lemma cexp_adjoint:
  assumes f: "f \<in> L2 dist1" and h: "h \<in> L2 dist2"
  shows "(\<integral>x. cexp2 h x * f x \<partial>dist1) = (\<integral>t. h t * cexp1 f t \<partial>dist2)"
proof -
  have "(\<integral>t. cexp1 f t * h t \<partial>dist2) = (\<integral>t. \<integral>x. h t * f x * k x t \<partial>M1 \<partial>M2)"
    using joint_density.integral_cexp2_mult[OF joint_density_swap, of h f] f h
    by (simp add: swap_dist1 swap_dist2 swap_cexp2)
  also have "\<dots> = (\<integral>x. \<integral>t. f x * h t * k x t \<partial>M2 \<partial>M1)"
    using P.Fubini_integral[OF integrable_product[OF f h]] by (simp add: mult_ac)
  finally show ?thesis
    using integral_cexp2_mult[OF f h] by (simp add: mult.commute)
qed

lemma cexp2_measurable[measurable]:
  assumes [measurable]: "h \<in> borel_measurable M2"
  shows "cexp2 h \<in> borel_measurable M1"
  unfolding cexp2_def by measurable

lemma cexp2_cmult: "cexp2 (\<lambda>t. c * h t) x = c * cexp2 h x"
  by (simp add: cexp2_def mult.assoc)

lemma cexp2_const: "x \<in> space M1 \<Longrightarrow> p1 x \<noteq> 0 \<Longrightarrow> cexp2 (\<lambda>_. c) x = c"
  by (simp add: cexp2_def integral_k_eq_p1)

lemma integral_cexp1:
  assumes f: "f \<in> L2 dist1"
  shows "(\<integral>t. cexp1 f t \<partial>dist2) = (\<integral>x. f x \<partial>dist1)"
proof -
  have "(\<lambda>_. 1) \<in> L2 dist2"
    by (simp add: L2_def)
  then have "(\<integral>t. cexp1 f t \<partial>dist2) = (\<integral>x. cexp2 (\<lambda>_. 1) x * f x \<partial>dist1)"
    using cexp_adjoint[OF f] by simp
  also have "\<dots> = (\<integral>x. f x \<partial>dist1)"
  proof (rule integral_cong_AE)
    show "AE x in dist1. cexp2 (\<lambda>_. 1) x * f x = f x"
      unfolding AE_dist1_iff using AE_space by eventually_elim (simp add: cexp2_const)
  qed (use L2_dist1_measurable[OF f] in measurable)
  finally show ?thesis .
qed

::::

* EXERCISE DESCRIPTION *
Extract exactly the leading lines of the data, stopping at and including the line with "by (simp add: cexp2_def mult.assoc)".

* WRITTEN RESPONSE *
lemma cexp_adjoint:
  assumes f: "f \<in> L2 dist1" and h: "h \<in> L2 dist2"
  shows "(\<integral>x. cexp2 h x * f x \<partial>dist1) = (\<integral>t. h t * cexp1 f t \<partial>dist2)"
proof -
  have "(\<integral>t. cexp1 f t * h t \<partial>dist2) = (\<integral>t. \<integral>x. h t * f x * k x t \<partial>M1 \<partial>M2)"
    using joint_density.integral_cexp2_mult[OF joint_density_swap, of h f] f h
    by (simp add: swap_dist1 swap_dist2 swap_cexp2)
  also have "\<dots> = (\<integral>x. \<integral>t. f x * h t * k x t \<partial>M2 \<partial>M1)"
    using P.Fubini_integral[OF integrable_product[OF f h]] by (simp add: mult_ac)
  finally show ?thesis
    using integral_cexp2_mult[OF f h] by (simp add: mult.commute)
qed

lemma cexp2_measurable[measurable]:
  assumes [measurable]: "h \<in> borel_measurable M2"
  shows "cexp2 h \<in> borel_measurable M1"
  unfolding cexp2_def by measurable

lemma cexp2_cmult: "cexp2 (\<lambda>t. c * h t) x = c * cexp2 h x"
  by (simp add: cexp2_def mult.assoc)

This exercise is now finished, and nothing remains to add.